Extensive rural land expropriation has been a source of social deprivation and contention in contemporary China. This article provides a comprehensive state-of-art analysis of the Chinese law of rural land expropriation and demonstrates the multiple problems it faces now. It first reveals the definitional, structural and procedural challenges embedded within the existing legal framework to the constitutional public interest prerequisite enshrined in Article 10 of the 1982 PRC Constitution. It shows that not only is the prerequisite itself legislatively and judicially under-defined, it is also in effect made structurally redundant by the relevant constitutional and statutory prescriptions. The second part moves on to explain the current legal standard of compensation for rural land expropriation and the critique against its unfairness, both substantively and procedurally.
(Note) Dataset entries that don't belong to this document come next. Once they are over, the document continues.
(* Consider $\min_u F(u)+G(u)$ under the assumptions below, and let $\{(y^t,z^t,x^t)\}$ be generated by the modified PR iteration with $\gamma\in(0,\frac{1}{12L_F})$. Then the sequence is bounded, and any cluster point $(\bar y,\bar z,\bar x)$ satisfies $\bar y=\bar z$ and $0\in\nabla F(\bar z)+\partial G(\bar z)$.
   Context: Assumptions: $F:\mathbb{R}^n\to\mathbb{R}$ is convex and differentiable with $\nabla F$ Lipschitz continuous with modulus at most $L_F>0$; $G:\mathbb{R}^n\to(-\infty,\infty]$ is proper, lower semicontinuous, and $\operatorname{Argmin}_u\{\tau G(u)+\frac12\|u-w\|^2\}$ is nonempty for every $w$ and every $\tau>0$; $F+G$ is coercive ($\liminf_{\|u\|\to\infty}(F+G)(u)=\infty$). Modified PR iteration: given $x^0$ and $\gamma\in(0,\frac1{12L_F})$, for $t=0,1,\dots$: $y^{t+1}=\operatorname{argmin}_y\{F(y)+\frac{5L_F}{2}\|y\|^2+\frac1{2\gamma}\|y-x^t\|^2\}$; $z^{t+1}\in\operatorname{Argmin}_z\{G(z)-\frac{5L_F}{2}\|z\|^2+\frac1{2\gamma}\|2y^{t+1}-x^t-z\|^2\}$; $x^{t+1}=x^t+2(z^{t+1}-y^{t+1})$. $\partial G$ is the limiting subdifferential: $v\in\partial G(x)$ iff there exist $x^t\to x$ with $G(x^t)\to G(x)$ and $v^t\to v$ such that $\liminf_{z\to x^t, z\ne x^t}\frac{G(z)-G(x^t)-\langle v^t,z-x^t\rangle}{\|z-x^t\|}\ge0$ for each $t$. *)

theory Defs
  imports "HOL-Analysis.Analysis"
begin

text \<open>Extended-real-valued functions model maps into (-infinity, +infinity].\<close>

definition proper_fun :: "('a \<Rightarrow> ereal) \<Rightarrow> bool" where
  "proper_fun G \<longleftrightarrow> (\<forall>x. G x \<noteq> -\<infinity>) \<and> (\<exists>x. G x \<noteq> \<infinity>)"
It shows that the existing statutory standard of compensation is unfair not because it falls under the “true” value of the peasants’ use-rights over rural land but because it denies them any share in the increased land value as a result of expropriation. The peasants have no institutionalized channel to challenge the standards either. The third part turns to a series of proposals made in the existing literature on reforming the Chinese rural land expropriation law, all of which intend to boost the capacity of the law to check the state’s takings power and protecting land rights. The concluding part briefly discusses the socio-political reasons why these reform proposals have yet to roll out in China, despite the lengthy groundswell of support for an overhaul of the law in this field, and why a broader reform is needed.